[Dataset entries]

○ ○ ○ ○ ○ ○ ○

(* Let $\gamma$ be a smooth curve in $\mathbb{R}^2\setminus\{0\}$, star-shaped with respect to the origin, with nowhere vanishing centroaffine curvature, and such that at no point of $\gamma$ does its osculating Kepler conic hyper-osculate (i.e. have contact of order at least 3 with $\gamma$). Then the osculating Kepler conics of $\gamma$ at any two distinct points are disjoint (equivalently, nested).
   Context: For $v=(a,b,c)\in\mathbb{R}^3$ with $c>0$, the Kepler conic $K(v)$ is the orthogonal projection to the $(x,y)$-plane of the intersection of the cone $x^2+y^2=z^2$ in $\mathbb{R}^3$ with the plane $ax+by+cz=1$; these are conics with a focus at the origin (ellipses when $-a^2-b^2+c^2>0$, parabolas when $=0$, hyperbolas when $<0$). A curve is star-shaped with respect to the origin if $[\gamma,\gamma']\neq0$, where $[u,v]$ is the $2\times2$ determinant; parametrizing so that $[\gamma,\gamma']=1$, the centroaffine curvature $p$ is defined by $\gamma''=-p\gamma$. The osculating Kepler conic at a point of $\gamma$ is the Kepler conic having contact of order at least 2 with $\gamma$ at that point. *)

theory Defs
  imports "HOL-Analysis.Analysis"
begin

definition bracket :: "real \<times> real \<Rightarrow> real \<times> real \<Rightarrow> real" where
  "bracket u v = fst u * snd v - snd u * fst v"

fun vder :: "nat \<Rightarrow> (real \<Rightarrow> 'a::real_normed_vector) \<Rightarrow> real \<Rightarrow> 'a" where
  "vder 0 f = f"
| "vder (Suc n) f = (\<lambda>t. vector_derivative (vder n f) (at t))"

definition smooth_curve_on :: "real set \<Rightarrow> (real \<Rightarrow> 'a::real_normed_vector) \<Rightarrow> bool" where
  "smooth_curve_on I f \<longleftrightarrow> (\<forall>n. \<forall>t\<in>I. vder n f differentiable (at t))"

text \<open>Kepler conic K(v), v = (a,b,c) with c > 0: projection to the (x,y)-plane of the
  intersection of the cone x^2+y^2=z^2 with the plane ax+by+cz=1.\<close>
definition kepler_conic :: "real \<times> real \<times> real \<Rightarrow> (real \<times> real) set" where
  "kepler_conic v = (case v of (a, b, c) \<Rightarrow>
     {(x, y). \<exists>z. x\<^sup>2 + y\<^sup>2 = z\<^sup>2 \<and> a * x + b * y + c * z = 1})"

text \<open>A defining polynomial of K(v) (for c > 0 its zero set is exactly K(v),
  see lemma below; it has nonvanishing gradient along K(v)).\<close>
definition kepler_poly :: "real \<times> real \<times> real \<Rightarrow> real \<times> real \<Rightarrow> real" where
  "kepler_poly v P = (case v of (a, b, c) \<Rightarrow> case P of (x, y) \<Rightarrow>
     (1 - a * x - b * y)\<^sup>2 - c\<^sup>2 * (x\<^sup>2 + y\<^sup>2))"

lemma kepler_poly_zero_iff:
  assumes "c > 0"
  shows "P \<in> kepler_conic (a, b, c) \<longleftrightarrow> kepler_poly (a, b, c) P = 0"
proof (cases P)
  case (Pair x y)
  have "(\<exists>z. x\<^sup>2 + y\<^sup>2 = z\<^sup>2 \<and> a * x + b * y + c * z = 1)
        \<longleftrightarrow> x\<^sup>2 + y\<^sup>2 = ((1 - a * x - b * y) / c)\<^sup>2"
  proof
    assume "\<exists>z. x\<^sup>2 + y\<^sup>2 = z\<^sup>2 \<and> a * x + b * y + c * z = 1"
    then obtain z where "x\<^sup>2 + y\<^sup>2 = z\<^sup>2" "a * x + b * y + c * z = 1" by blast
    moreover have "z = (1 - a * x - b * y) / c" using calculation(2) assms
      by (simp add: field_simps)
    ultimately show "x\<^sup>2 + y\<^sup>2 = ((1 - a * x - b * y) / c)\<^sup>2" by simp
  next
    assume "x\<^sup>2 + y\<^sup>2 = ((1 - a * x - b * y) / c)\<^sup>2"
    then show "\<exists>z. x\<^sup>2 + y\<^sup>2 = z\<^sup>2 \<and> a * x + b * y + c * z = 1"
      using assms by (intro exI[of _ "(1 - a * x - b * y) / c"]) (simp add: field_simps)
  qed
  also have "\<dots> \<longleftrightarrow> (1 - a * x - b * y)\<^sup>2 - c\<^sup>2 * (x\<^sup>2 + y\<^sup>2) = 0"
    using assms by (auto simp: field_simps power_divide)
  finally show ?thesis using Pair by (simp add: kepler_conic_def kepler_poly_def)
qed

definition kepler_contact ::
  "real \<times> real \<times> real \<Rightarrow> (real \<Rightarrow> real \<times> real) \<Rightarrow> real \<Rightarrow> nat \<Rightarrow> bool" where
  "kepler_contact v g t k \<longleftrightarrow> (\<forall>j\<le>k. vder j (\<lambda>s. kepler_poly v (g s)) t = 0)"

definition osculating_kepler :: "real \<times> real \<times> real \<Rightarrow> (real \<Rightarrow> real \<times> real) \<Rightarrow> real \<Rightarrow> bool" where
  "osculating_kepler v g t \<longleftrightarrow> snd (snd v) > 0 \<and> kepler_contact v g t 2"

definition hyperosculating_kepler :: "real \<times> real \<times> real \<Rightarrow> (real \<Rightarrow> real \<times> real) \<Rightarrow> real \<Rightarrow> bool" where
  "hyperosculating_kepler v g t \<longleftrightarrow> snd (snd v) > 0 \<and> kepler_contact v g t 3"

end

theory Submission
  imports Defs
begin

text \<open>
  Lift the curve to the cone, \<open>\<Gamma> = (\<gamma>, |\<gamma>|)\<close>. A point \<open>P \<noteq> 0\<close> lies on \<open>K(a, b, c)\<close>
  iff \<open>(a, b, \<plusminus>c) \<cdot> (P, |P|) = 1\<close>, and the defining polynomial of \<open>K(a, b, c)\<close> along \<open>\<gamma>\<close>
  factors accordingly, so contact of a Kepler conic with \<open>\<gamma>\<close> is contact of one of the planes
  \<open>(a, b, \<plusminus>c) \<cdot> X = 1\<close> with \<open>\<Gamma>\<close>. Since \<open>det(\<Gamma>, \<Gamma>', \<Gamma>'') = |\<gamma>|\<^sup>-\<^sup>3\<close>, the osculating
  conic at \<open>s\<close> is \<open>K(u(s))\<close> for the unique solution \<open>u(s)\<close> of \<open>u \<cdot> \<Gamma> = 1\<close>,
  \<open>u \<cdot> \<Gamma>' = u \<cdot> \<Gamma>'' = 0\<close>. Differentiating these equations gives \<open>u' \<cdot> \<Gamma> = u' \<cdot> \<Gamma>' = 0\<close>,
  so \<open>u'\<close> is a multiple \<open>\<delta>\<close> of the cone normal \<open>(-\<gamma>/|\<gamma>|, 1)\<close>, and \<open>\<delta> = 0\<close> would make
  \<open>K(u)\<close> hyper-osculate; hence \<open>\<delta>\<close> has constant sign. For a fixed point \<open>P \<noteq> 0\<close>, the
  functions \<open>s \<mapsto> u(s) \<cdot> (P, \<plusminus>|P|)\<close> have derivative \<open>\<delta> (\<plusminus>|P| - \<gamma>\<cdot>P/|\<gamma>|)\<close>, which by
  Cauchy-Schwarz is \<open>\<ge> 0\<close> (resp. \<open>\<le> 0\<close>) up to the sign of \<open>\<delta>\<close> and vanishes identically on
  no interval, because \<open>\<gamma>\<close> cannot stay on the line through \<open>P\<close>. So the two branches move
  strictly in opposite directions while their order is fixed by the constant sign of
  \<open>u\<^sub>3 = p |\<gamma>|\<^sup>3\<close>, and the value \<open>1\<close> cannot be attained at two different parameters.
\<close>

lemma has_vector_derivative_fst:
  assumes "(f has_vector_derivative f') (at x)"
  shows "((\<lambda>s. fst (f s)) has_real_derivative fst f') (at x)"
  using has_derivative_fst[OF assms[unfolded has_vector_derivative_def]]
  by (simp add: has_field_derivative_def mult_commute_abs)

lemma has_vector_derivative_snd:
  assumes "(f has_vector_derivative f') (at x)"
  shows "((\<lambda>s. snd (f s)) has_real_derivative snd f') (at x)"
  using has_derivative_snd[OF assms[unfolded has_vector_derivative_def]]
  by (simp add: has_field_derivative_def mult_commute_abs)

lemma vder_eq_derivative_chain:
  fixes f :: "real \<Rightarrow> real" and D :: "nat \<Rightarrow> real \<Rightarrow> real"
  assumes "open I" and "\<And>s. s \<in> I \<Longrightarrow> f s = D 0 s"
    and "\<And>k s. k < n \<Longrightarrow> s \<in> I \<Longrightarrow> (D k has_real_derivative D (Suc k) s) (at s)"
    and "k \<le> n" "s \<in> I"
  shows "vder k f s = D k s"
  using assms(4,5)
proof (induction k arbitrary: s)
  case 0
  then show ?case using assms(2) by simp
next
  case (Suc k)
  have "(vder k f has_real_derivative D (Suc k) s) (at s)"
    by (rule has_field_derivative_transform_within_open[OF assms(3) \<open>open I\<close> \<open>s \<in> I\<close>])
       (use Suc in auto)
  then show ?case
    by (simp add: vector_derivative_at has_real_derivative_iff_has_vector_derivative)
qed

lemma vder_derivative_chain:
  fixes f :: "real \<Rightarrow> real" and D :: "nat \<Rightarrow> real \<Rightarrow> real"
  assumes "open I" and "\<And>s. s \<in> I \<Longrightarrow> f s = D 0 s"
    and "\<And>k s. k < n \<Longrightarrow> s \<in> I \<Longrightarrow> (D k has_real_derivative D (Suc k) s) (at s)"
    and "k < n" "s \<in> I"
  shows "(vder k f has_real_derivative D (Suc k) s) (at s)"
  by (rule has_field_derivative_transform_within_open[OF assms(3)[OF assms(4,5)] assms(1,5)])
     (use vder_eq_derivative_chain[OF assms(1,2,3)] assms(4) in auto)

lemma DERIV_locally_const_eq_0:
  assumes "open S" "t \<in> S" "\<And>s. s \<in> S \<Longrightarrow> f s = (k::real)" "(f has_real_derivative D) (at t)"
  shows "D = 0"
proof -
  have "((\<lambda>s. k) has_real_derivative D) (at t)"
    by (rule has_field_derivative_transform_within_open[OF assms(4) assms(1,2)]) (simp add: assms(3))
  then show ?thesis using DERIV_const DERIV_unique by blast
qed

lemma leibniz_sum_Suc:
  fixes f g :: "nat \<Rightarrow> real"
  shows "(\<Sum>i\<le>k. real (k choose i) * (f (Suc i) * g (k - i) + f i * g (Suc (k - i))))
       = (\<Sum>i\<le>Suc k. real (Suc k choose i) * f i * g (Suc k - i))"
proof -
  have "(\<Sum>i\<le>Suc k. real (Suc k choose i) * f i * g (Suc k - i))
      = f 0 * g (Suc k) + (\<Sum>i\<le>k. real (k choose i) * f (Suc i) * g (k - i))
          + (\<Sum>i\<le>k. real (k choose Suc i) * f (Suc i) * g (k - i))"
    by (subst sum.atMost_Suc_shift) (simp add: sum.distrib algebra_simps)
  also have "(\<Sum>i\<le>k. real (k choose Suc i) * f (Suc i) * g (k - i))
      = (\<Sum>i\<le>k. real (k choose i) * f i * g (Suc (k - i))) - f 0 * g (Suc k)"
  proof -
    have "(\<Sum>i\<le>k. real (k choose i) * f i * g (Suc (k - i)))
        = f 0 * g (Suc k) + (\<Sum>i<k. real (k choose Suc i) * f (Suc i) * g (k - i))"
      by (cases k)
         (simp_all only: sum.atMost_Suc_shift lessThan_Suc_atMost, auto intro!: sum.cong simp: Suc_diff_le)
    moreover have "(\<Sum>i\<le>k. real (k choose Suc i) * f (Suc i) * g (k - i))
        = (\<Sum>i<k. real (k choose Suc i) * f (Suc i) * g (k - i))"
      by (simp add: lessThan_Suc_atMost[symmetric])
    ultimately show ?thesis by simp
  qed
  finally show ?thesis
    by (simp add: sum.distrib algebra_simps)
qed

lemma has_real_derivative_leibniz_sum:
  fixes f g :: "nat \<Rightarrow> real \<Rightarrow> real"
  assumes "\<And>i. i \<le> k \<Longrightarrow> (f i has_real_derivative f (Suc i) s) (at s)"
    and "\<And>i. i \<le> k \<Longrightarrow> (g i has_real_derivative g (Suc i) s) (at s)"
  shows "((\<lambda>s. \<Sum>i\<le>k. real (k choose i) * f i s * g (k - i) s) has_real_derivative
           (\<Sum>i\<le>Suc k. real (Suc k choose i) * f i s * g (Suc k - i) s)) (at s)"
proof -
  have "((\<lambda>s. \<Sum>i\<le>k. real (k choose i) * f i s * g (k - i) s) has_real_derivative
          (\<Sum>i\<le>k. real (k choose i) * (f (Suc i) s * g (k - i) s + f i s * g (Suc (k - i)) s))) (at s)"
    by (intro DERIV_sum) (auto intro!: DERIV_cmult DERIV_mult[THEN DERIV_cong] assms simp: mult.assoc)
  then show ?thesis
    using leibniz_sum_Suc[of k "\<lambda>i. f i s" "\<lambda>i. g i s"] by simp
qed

○ ○ ○ ○ ○ ○ ○

**Task objective**
Beginning at the line with "I\<close> \<open>s \<in> I\<close>])" and ending at the line with "(Suc (k - i))))", reproduce each line of the data above exactly, and add no other lines.

**Written answer**
    by (rule has_field_derivative_transform_within_open[OF assms(3) \<open>open I\<close> \<open>s \<in> I\<close>])
       (use Suc in auto)
  then show ?case
    by (simp add: vector_derivative_at has_real_derivative_iff_has_vector_derivative)
qed

lemma vder_derivative_chain:
  fixes f :: "real \<Rightarrow> real" and D :: "nat \<Rightarrow> real \<Rightarrow> real"
  assumes "open I" and "\<And>s. s \<in> I \<Longrightarrow> f s = D 0 s"
    and "\<And>k s. k < n \<Longrightarrow> s \<in> I \<Longrightarrow> (D k has_real_derivative D (Suc k) s) (at s)"
    and "k < n" "s \<in> I"
  shows "(vder k f has_real_derivative D (Suc k) s) (at s)"
  by (rule has_field_derivative_transform_within_open[OF assms(3)[OF assms(4,5)] assms(1,5)])
     (use vder_eq_derivative_chain[OF assms(1,2,3)] assms(4) in auto)

lemma DERIV_locally_const_eq_0:
  assumes "open S" "t \<in> S" "\<And>s. s \<in> S \<Longrightarrow> f s = (k::real)" "(f has_real_derivative D) (at t)"
  shows "D = 0"
proof -
  have "((\<lambda>s. k) has_real_derivative D) (at t)"
    by (rule has_field_derivative_transform_within_open[OF assms(4) assms(1,2)]) (simp add: assms(3))
  then show ?thesis using DERIV_const DERIV_unique by blast
qed

lemma leibniz_sum_Suc:
  fixes f g :: "nat \<Rightarrow> real"
  shows "(\<Sum>i\<le>k. real (k choose i) * (f (Suc i) * g (k - i) + f i * g (Suc (k - i))))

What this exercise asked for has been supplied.